The world’s two biggest bureaucracies have become more involved in the international adoption process.

For once this is good news.

Russia and the United States recently signed a treaty that requires greater oversight of what had once been a somewhat loosely supervised trans-national adoption process. Americans have been adopting Russian children since 1991, just after the follow of the Iron Curtain. During that twenty-year period, the Russian government has alleged 17 adoptees have died of abuse or neglect after placement in the United States.

On the other hand, because Russian health screenings were often inaccurate or falsified, American families often had to deal with Russian children suffering with previously undiagnosed health issues including cases of hepatitis, HIV/AIDS and fetal alcohol syndrome.

Last year, the Russian government threatened to suspend all adoptions to the United States after a Tennessee woman sent her son unescorted back to Russia with a note stating the child had mental problems. While Moscow never followed through on the treat, the highly publicized incident forced a new agreement.

The new agreement includes the following changes:

  • All adoptions must be completed through agencies certified by the Russian and American governments, ending private international adoptions from Russia.
  • American families looking to adopt a Russian child must complete a psychological screening.
  • Adoption agencies must gather more information about the child’s history and medical background during the pre-adoption case study.
  • Adoption agencies will complete regular home study visits after the placement.

International adoptions began declining since 2004 for a number of reasons. First, the world economy has struggled for much of that period, while the cost of adoptions has swelled well-above $25,000.  A number of highly publicized celebrity adoptions cast international adoptions in a bad light and called attention to abuses in the systems many nations use to place orphans with parents. The spotlight on international adoptions revealed horror stories about kidnapping and child selling rings profiting off vulnerable families. In many countries where domestic adoptions were previously stigmatized, the culture has begun to change. A new emphasis on placing orphans within their birth culture has arisen in parts of the world where single mothers and orphans once had no social standing. Therefore, international adoptions have declined as domestic adoption has increased in those countries.
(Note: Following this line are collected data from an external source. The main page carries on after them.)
(* Assume that each $q^k$ is entrywise nonnegative, transient and substochastic (Hypothesis RN). Let $\hat s\in S$, let $W\ge1$, and let $C_1,\dots,C_W\in\mathbb R$. If Program 1 is feasible, i.e. there exist nonnegative weights $\alpha^{\delta}$, $\delta\in\Delta$, with $\sum_{\delta}\alpha^{\delta}=1$ and $\sum_{\delta}\alpha^{\delta}V_w^{\delta}(\hat s)\ge C_w$ for $w=1,\dots,W$, then Program 2 is feasible, i.e. there exist nonnegative weights $\alpha^{\pi}$ indexed by the priority rules $\pi$ (rules keyed to some labeling) with $\sum_{\pi}\alpha^{\pi}=1$ and $\sum_{\pi}\alpha^{\pi}V_w^{\pi}(\hat s)\ge C_w$ for $w=1,\dots,W$.
   Context: There are $K$ bandits with pairwise disjoint finite nonempty state sets $N_1,\dots,N_K$; $N=N_1\cup\dots\cup N_K$. Bandit $k$ has transition rates $q(i,j)\ge0$ ($i,j\in N_k$) forming $q^k$; $q^k$ is substochastic if $\sum_{j\in N_k}q(i,j)\le1$ for all $i$, and transient if its powers tend to $0$ entrywise. There are $W+1$ reward types $w=0,1,\dots,W$: each state $i\in N$ has real rewards $r_w(i)$. A multi-state $s$ contains exactly one state $s_k$ of each $N_k$; $S$ is the set of multi-states; $s_{\setminus k}=s\setminus\{s_k\}$. $\Delta$ is the (finite) set of maps $\delta:S\to\{1,\dots,K\}$. For $\delta\in\Delta$: $Q^{\delta}(s,t)=q(s_{\delta(s)},j)$ if $t=s_{\setminus\delta(s)}\cup\{j\}$ with $j\in N_{\delta(s)}$, else $0$; $R_w^{\delta}(s)=r_w(s_{\delta(s)})$; $V_w^{\delta}=(I-Q^{\delta})^{-1}R_w^{\delta}$ (well defined since $Q^\delta$ is transient). A labeling is an injective $L:N\cup\{0\}\to\{1,\dots,|N|+1\}$ with $L(0)=|N|+1$; the priority rule keyed to $L$ is the $\pi\in\Delta$ with $\pi(s)=\arg\min_k L(s_k)$. *)

theory Defs
  imports Complex_Main "HOL-Library.FuncSet"
begin
(* Let $G$ be a totally disconnected, locally compact group and $\mathcal{H}$ a group of automorphisms of $G$. Then the collection of bounded subsets of $\mathcal{H}$ is a bornological group structure on $\mathcal{H}$; that is, singleton sets are bounded, subsets of bounded sets are bounded, finite unions of bounded sets are bounded, and products $AB=\{\alpha\beta:\alpha\in A,\beta\in B\}$ and inverses $A^{-1}$ of bounded sets $A,B$ are bounded.
   Context: Automorphisms are continuous with continuous inverse. $\mathcal{B}(G)$ is the set of compact, open subgroups of $G$ with metric $d(V,W)=\log\bigl(|V:V\cap W|\cdot|W:W\cap V|\bigr)$. A set $B$ of automorphisms of $G$ is bounded if $B.V=\{\beta(V):\beta\in B\}$ has bounded diameter in $\mathcal{B}(G)$ for some (equivalently every) $V\in\mathcal{B}(G)$. *)

theory Defs
  imports "HOL-Analysis.Analysis" "HOL-Algebra.Bij" "HOL-Algebra.Coset"
begin

definition topological_group :: "('a, 'b) monoid_scheme \<Rightarrow> 'a topology \<Rightarrow> bool" where
  "topological_group G T \<longleftrightarrow> group G \<and> topspace T = carrier G \<and>
     continuous_map (prod_topology T T) T (\<lambda>(x, y). x \<otimes>\<^bsub>G\<^esub> y) \<and>
     continuous_map T T (\<lambda>x. inv\<^bsub>G\<^esub> x)"

definition totally_disconnected_space :: "'a topology \<Rightarrow> bool" where
  "totally_disconnected_space T \<longleftrightarrow>
     (\<forall>S. connectedin T S \<longrightarrow> S = {} \<or> (\<exists>x. S = {x}))"

definition tdlc_group :: "('a, 'b) monoid_scheme \<Rightarrow> 'a topology \<Rightarrow> bool" where
  "tdlc_group G T \<longleftrightarrow> topological_group G T \<and> locally_compact_space T \<and>
     totally_disconnected_space T"

definition top_auto :: "('a, 'b) monoid_scheme \<Rightarrow> 'a topology \<Rightarrow> ('a \<Rightarrow> 'a) set" where
  "top_auto G T = {\<alpha> \<in> auto G. homeomorphic_map T T \<alpha>}"

definition compact_open_subgroups :: "('a, 'b) monoid_scheme \<Rightarrow> 'a topology \<Rightarrow> 'a set set" where
  "compact_open_subgroups G T = {V. subgroup V G \<and> compactin T V \<and> openin T V}"

definition rel_index :: "('a, 'b) monoid_scheme \<Rightarrow> 'a set \<Rightarrow> 'a set \<Rightarrow> nat" where
  "rel_index G V W = card ((\<lambda>v. (V \<inter> W) #>\<^bsub>G\<^esub> v) ` V)"
(* Let $N$ be a graded ideal of a Lie superalgebra $L$. Then $N\subseteq Z^{\wedge}(L)$ if and only if the natural map $L\wedge L\to (L/N)\wedge(L/N)$, $x\wedge y\mapsto (x+N)\wedge(y+N)$, is a monomorphism.
   Context: All algebras are over a field $\mathbb{F}$ of characteristic $\neq 2,3$. Non-abelian tensor square: $L\otimes L$ is the Lie superalgebra generated by symbols $x\otimes y$ ($x,y$ homogeneous, $|x\otimes y|=|x|+|y|$) subject to bilinearity, $[x,x']\otimes y=x\otimes[x',y]-(-1)^{|x||x'|}x'\otimes[x,y]$, $x\otimes[y,y']=(-1)^{|y'|(|x|+|y|)}[y',x]\otimes y-(-1)^{|x||y|}[y,x]\otimes y'$, and $[x\otimes y,x'\otimes y']=-(-1)^{|x||y|}[y,x]\otimes[x',y']$. The exterior square is $L\wedge L=(L\otimes L)/(L\square L)$, where $L\square L$ is the graded ideal generated by $x\otimes y+(-1)^{|x||y|}y\otimes x$ for homogeneous $x,y$ and by $x_0\otimes x_0$ for $x_0\in L_{\bar 0}$; the image of $x\otimes y$ is written $x\wedge y$. The exterior center is $Z^{\wedge}(L)=\{x\in L: x\wedge y=0 \text{ for all } y\in L\}$. *)

theory Defs
  imports Main
begin

record ('k, 'a) lsa =
  lcarr :: "'a set"
  lzero :: 'a
  ladd  :: "'a \<Rightarrow> 'a \<Rightarrow> 'a"
  lneg  :: "'a \<Rightarrow> 'a"
  lsmul :: "'k \<Rightarrow> 'a \<Rightarrow> 'a"
  lbr   :: "'a \<Rightarrow> 'a \<Rightarrow> 'a"
  lev   :: "'a set"
  lod   :: "'a set"
lemma grad_f_nq_lower_bound:
  fixes v :: "complex^3"
  assumes "q > 0" "1 \<le> norm v"
  shows "min (1/2) ((1 / (6 * (real n + 1))) powr (1 / real q)) * norm v powr (- real n / real q)
    \<le> norm (grad (f_nq n q) v)"
proof -
  define r where "r = 1 / (6 * (real n + 1))"
  define u where "u = (v$1)^n * (v$2)^q"
  have decay: "norm v powr (- real n / real q) \<le> 1"
    using assms(2) by (simp add: powr_le_one_of_nonpos)
  have "norm (partial_deriv (f_nq n q) 1 v) \<le> norm (grad (f_nq n q) v)"
       "norm (v$2) \<le> norm (grad (f_nq n q) v)"
    using Finite_Cartesian_Product.norm_nth_le[of "grad (f_nq n q) v" 1]
      Finite_Cartesian_Product.norm_nth_le[of "grad (f_nq n q) v" 3]
    by (simp_all add: partial_deriv_f_nq_3)
  show ?thesis
  proof (cases "norm u \<le> r")
    case True
    then have "1/2 \<le> norm (partial_deriv (f_nq n q) 1 v)"
      unfolding partial_deriv_f_nq_1 u_def r_def by (rule half_le_norm_cubic)
    moreover have "min (1/2) (r powr (1 / real q)) * norm v powr (- real n / real q) \<le> 1/2 * 1"
      using decay by (intro mult_mono) auto
    ultimately show ?thesis
      using \<open>norm (partial_deriv (f_nq n q) 1 v) \<le> _\<close> unfolding r_def by linarith
  next
    case False
    then have "r < norm (v$1) ^ n * norm (v$2) ^ q"
      by (simp add: u_def norm_mult norm_power)
    then have "r powr (1 / real q) * norm v powr (- real n / real q) \<le> norm (v$2)"
      using assms by (intro factor_ge_of_monomial_gt[where a = "norm (v$1)"])
        (auto simp: r_def Finite_Cartesian_Product.norm_nth_le)
    moreover have "min (1/2) (r powr (1 / real q)) * norm v powr (- real n / real q)
        \<le> r powr (1 / real q) * norm v powr (- real n / real q)"
      by (intro mult_right_mono) auto
    ultimately show ?thesis
      using \<open>norm (v$2) \<le> _\<close> unfolding r_def by linarith
  qed
qed

lemma grad_f_nq_test_point:
  fixes n q :: nat and s :: real
  assumes "q > 0" "1 \<le> s"
  defines "t \<equiv> s powr (- real n / real q)"
  defines "v \<equiv> (\<chi> j. if j = 1 then of_real s else if j = 2 then of_real t else 0) :: complex^3"
  shows "s \<le> norm v" "norm v \<le> 2 * s" "norm (grad (f_nq n q) v) = t"
proof -
  have "0 < t" "t \<le> 1"
    using assms(2) by (simp_all add: t_def powr_le_one_of_nonpos)
  then have t: "0 < t" "t \<le> s"
    using assms(2) by simp_all
  have "t^q = t powr real q"
    using t by (simp add: powr_realpow)
  also have "\<dots> = s powr (- real n)"
    using assms(1) by (simp add: t_def powr_powr)
  also have "\<dots> = inverse (s^n)"
    using assms(2) by (simp add: powr_minus powr_realpow)
  finally have "s^n * t^q = 1"
    using assms(2) by simp
  moreover have v: "v$1 = of_real s" "v$2 = of_real t" "v$3 = 0"
    by (simp_all add: v_def)
  ultimately have u: "(v$1)^n * (v$2)^q = 1"
    by (simp flip: of_real_power of_real_mult)
  have "partial_deriv (f_nq n q) 1 v = 0" "partial_deriv (f_nq n q) 2 v = 0"
    using assms(1) by (simp_all add: partial_deriv_f_nq_1 partial_deriv_f_nq_2 u v(3))
  then show "norm (grad (f_nq n q) v) = t"
    using t by (simp add: norm_vec3 partial_deriv_f_nq_3 v)
  have norm_v: "norm v = sqrt (s^2 + t^2)"
    by (simp add: norm_vec3 v)
  then show "s \<le> norm v"
    by (simp add: real_le_rsqrt)
  have "t^2 \<le> s^2"
    using t by (intro power_mono) auto
  then have bound: "s^2 + t^2 \<le> (2 * s)^2"
    by (simp add: power_mult_distrib) (use zero_le_power2[of s] in linarith)
  show "norm v \<le> 2 * s"
    unfolding norm_v using assms(2) bound by (intro real_le_lsqrt) auto
qed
The new US-Russian adoption regulations would seem to be another step toward the demise of international adoption. Currently, 10 percent of the international adoptees coming to the US are from Russia. There have been 60,000 US-Russian adoptions in the last twenty years. The new adoption treaty will likely reduce the number of international adoptions each year and slow down the process considerably.

However, the international adoption process needs to be cleaned up. Celebrities can’t wave their checkbooks and jump to the front of the line. Babies and orphans in impoverished countries can’t be a commodity bought and sold on the black market. Adoptive parents need better health information about children before the placement is completed.

The only important consideration in any adoption is what is best of the child. Adoptions are about finding loving, nurturing homes for children who might otherwise be condemned to orphanages, revolving foster homes, even child labor.

If a child is going to be transported thousands of miles from its place of birth, raised in a different culture, taught a different language, then everyone, governments and families, need to be assured that the adoptive home offers a physically and emotionally healthy environment.

There is no room for mistakes and failure in the adoption process.